El segundo tipo de nacionalismo fue conformado por las ideas de la revolución
francesa y posteriormente por Ernest Renan, y reposa sobre la idea de que los
ciudadanos de la nación voluntariamente conforman esa entidad.
Bajo el
primer tipo de nacionalismo, todo ciudadano tiene la obligación de respetar la
bandera, y quien no lo haga así, debe ser castigado. Para este tipo de nacionalismo,
la pertenencia a una nación no es un acto cívico y voluntario, sino que es
sencillamente una circunstancia dictada por el nacimiento, por el suelo y la
sangre. En cambio, para el segundo tipo de nacionalismo, al menos en teoría,
existe la posibilidad de que, quien no desee formar parte voluntariamente de la
nación, al menos tiene la opción de manifestarlo así.

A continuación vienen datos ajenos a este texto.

text \<open>The witness is a product of two oppositely squeezed vacua: mode 1 squeezed in \<open>p\<close>, mode 2
  squeezed in \<open>q\<close>, both to variance \<open>s\<^sup>2\<close>. Its local states are pure, so its mutual
  information is at most zero. The shear \<open>M(t)\<close> only feeds the squeezed quadratures \<open>q\<^sub>2\<close> and
  \<open>p\<^sub>1\<close> into the antisqueezed ones, so the evolved reduced states have symplectic eigenvalue
  \<open>sqrt (1 + (t s\<^sup>2)\<^sup>2)\<close>, close to 1 for small \<open>s\<close>. Global entropies never need to be
  computed: the uncertainty principle forces every symplectic eigenvalue to be at least 1, so
  they are nonnegative and only decrease the mutual information.\<close>

lemma Re_complexified_form:
  fixes A B :: "real mat" and x y :: "real vec"
  assumes "A \<in> carrier_mat m m" "B \<in> carrier_mat m m" "x \<in> carrier_vec m" "y \<in> carrier_vec m"
  defines "v \<equiv> vec m (\<lambda>j. Complex (x $ j) (y $ j))"
  shows "Re (((map_mat complex_of_real A + \<i> \<cdot>\<^sub>m map_mat complex_of_real B) *\<^sub>v v) \<bullet>c v)
    = x \<bullet> (A *\<^sub>v x) + y \<bullet> (A *\<^sub>v y) - x \<bullet> (B *\<^sub>v y) + y \<bullet> (B *\<^sub>v x)"
  using assms
  by (simp add: scalar_prod_def mult_mat_vec_def sum_distrib_left sum_distrib_right
      sum_subtractf[symmetric] sum.distrib[symmetric] algebra_simps)
lemma subgroup_Int_l_coset_eq_empty:
  assumes "subgroup H G" "x \<in> carrier G" "x \<notin> H"
  shows "H \<inter> (x <# H) = {}"
proof (rule ccontr)
  assume "H \<inter> (x <# H) \<noteq> {}"
  then obtain y where "y \<in> H" "y \<in> x <# H" by blast
  then have "x \<in> y <# H" using l_coset_swap assms(1,2) by blast
  with \<open>y \<in> H\<close> have "x \<in> H" using l_coset_subset_subgroup[OF assms(1)] by blast
  with assms(3) show False ..
qed

lemma generate_Int_if_2_acyclic:
  assumes acyclic: "N_acyclic G E 2" and E: "E \<subseteq> carrier G" and "\<alpha>1 \<subseteq> E" "\<alpha>2 \<subseteq> E"
  shows "generate G \<alpha>1 \<inter> generate G \<alpha>2 = generate G (\<alpha>1 \<inter> \<alpha>2)"
proof
  show "generate G (\<alpha>1 \<inter> \<alpha>2) \<subseteq> generate G \<alpha>1 \<inter> generate G \<alpha>2"
    using mono_generate[of "\<alpha>1 \<inter> \<alpha>2" \<alpha>1] mono_generate[of "\<alpha>1 \<inter> \<alpha>2" \<alpha>2] by blast
  show "generate G \<alpha>1 \<inter> generate G \<alpha>2 \<subseteq> generate G (\<alpha>1 \<inter> \<alpha>2)"
  proof (rule subsetI, rule ccontr)
    fix x
    assume x: "x \<in> generate G \<alpha>1 \<inter> generate G \<alpha>2" and x_notin: "x \<notin> generate G (\<alpha>1 \<inter> \<alpha>2)"
    have sub: "subgroup (generate G \<beta>) G" if "\<beta> \<subseteq> E" for \<beta>
      using generate_is_subgroup that E by blast
    have one_coset: "\<one> <# generate G \<beta> = generate G \<beta>" if "\<beta> \<subseteq> E" for \<beta>
      using lcos_mult_one[OF subgroup.subset[OF sub[OF that]]] .
    have x_carrier: "x \<in> carrier G" using x subgroup.mem_carrier[OF sub] assms(3) by blast
    have "coset_cycle G E 2 (\<lambda>i. if i = 0 then \<one> else x) (\<lambda>i. if i = 0 then \<alpha>1 else \<alpha>2)"
    proof (rule coset_cycle_2I)
      show "x \<in> \<one> <# generate G \<alpha>1" using x one_coset assms(3) by simp
      show "\<one> \<in> x <# generate G \<alpha>2"
        using l_coset_swap[OF _ one_closed sub] x one_coset assms(4) by simp
      show "(\<one> <# generate G (\<alpha>1 \<inter> \<alpha>2)) \<inter> (x <# generate G (\<alpha>1 \<inter> \<alpha>2)) = {}"
        using subgroup_Int_l_coset_eq_empty[OF sub x_carrier x_notin] one_coset[of "\<alpha>1 \<inter> \<alpha>2"] assms(3)
        by auto
    qed (use x_carrier assms(3,4) in auto)
    with acyclic show False by (simp add: N_acyclic_def)
  qed
qed

lemma generate_Int_meets_l_coset_if_3_acyclic:
  assumes acyclic: "N_acyclic G E 3" and E: "E \<subseteq> carrier G"
    and "\<alpha> \<subseteq> E" "\<beta>1 \<subseteq> E" "\<beta>2 \<subseteq> E" "g \<in> carrier G"
    and h1: "h1 \<in> generate G \<beta>1 \<inter> (g <# generate G \<alpha>)"
    and h2: "h2 \<in> generate G \<beta>2 \<inter> (g <# generate G \<alpha>)"
  shows "generate G (\<beta>1 \<inter> \<beta>2) \<inter> (g <# generate G \<alpha>) \<noteq> {}"
proof
  let ?B = "g <# generate G \<alpha>"
  assume disjoint: "generate G (\<beta>1 \<inter> \<beta>2) \<inter> ?B = {}"
  have sub: "subgroup (generate G \<gamma>) G" if "\<gamma> \<subseteq> E" for \<gamma>
    using generate_is_subgroup that E by blast
  have one_coset: "\<one> <# generate G \<gamma> = generate G \<gamma>" if "\<gamma> \<subseteq> E" for \<gamma>
    using lcos_mult_one[OF subgroup.subset[OF sub[OF that]]] .
  have in_B: "h <# generate G \<gamma> \<subseteq> ?B" if "h \<in> ?B" "\<gamma> \<subseteq> \<alpha>" for h \<gamma>
    using l_coset_subset_l_coset[OF sub \<open>g \<in> carrier G\<close> that(1) mono_generate[OF that(2)]]
      assms(3) by blast
  have in_generate: "h <# generate G (\<gamma> \<inter> \<delta>) \<subseteq> generate G \<gamma>"
    if "h \<in> generate G \<gamma>" "\<gamma> \<subseteq> E" for h \<gamma> \<delta>
    using l_coset_subset_subgroup[OF sub that(1) mono_generate] that(2) by blast
  have h_carrier: "h1 \<in> carrier G" "h2 \<in> carrier G"
    using h1 h2 subgroup.mem_carrier[OF sub] assms(4,5) by blast+
  \<comment> \<open>The middle coset condition: \<open>h\<^sub>1 G[\<alpha> \<inter> \<beta>\<^sub>1] \<subseteq> G[\<beta>\<^sub>1] \<inter> B\<close> and \<open>h\<^sub>2 G[\<alpha> \<inter> \<beta>\<^sub>2] \<subseteq> G[\<beta>\<^sub>2]\<close>.\<close>
  have no_common: "generate G \<beta>1 \<inter> generate G \<beta>2 \<inter> ?B = {}"
    using disjoint generate_Int_if_2_acyclic[OF N_acyclic_mono[OF acyclic] E assms(4,5)] by simp
  have "coset_cycle G E 3 (\<lambda>i. if i = 0 then \<one> else if i = 1 then h1 else h2)
      (\<lambda>i. if i = 0 then \<beta>1 else if i = 1 then \<alpha> else \<beta>2)"
  proof (rule coset_cycle_3I)
    show "h1 \<in> \<one> <# generate G \<beta>1" using h1 one_coset assms(4) by simp
    show "h2 \<in> h1 <# generate G \<alpha>"
      using h1 h2 l_repr_independence[OF _ \<open>g \<in> carrier G\<close> sub] assms(3) by blast
    show "\<one> \<in> h2 <# generate G \<beta>2"
      using l_coset_swap[OF _ one_closed sub] h2 one_coset assms(5) by simp
    show "(\<one> <# generate G (\<beta>1 \<inter> \<beta>2)) \<inter> (h1 <# generate G (\<beta>1 \<inter> \<alpha>)) = {}"
      using disjoint in_B[of h1 "\<beta>1 \<inter> \<alpha>"] h1 one_coset[of "\<beta>1 \<inter> \<beta>2"] assms(4) by auto
    show "(h2 <# generate G (\<beta>2 \<inter> \<alpha>)) \<inter> (\<one> <# generate G (\<beta>2 \<inter> \<beta>1)) = {}"
      using disjoint in_B[of h2 "\<beta>2 \<inter> \<alpha>"] h2 one_coset[of "\<beta>2 \<inter> \<beta>1"] assms(5)
      by (auto simp: Int_commute)
    show "(h1 <# generate G (\<alpha> \<inter> \<beta>1)) \<inter> (h2 <# generate G (\<alpha> \<inter> \<beta>2)) = {}"
      using no_common in_B[of h1 "\<alpha> \<inter> \<beta>1"] in_generate[of h1 \<beta>1 \<alpha>] in_generate[of h2 \<beta>2 \<alpha>]
        h1 h2 assms(4,5) by (auto simp: Int_commute)
  qed (use h_carrier assms(3-5) in auto)
  with acyclic show False by (simp add: N_acyclic_def)
qed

Y, en ese sentido, bajo esta
ideología nacionalista, habría espacio para que quienes disientan del símbolo
nacional, así lo manifiesten.
El
primer prócer que diseñó una bandera para la naciente nación venezolana,
Franciso de Miranda, estuvo imbuido de las ideas nacionalistas de la revolución
francesa, y en ese sentido, es presumible que defendía el nacionalismo cívico
por encima del nacionalismo de suelo y sangre. Pero, lamentablemente, el
fetiche por la bandera venezolana en el siglo XX ha cultivado más bien un nacionalismo
impositivo más afín al de Herder y Fitche, que al de los voluntaristas cívicos
inspirados en los ideales de la revolución francesa.
Es un hecho
notorio que una considerable porción de las banderas nacionales incorporan
alguna forma de simbolismo militar (el escudo venezolano no es la excepción). Y,
no por mera coincidencia, las banderas con más símbolos militares representan a
países con más tendencias hacia el nacionalismo impositivo. Un objetivo
bastante claro de esto es recordarle al ciudadano que él no tiene mucha opción
en decidir si acepta o no el símbolo patrio. O se canta el himno, o se recibe
el porrazo. En las proclamas nacionalistas, hay mucho ad baculum, y pocas deliberaciones argumentativas racionales.
El culto
a la bandera y los tabúes que la protegen frente a cualquier forma de irrespeto
ha terminado por convertirse en un emblema al colectivismo, y una bofetada a la
libertad individual. Después del tratado de Westfalia, el mundo moderno valora
la libertad religiosa, y quien no desee seguir una religión, está en su pleno
derecho. Pero, por supuesto, en muchos Estados modernos, hay una excepción: se
puede disentir de cualquier religión, menos de la religión nacionalista. Me
puedo cagar en Dios, pero jamás en la bandera. En la sociedad moderna, un autor
puede escribir una novela como Los versos
satánicos, pero no puede quemar un pedazo de tela tricolor.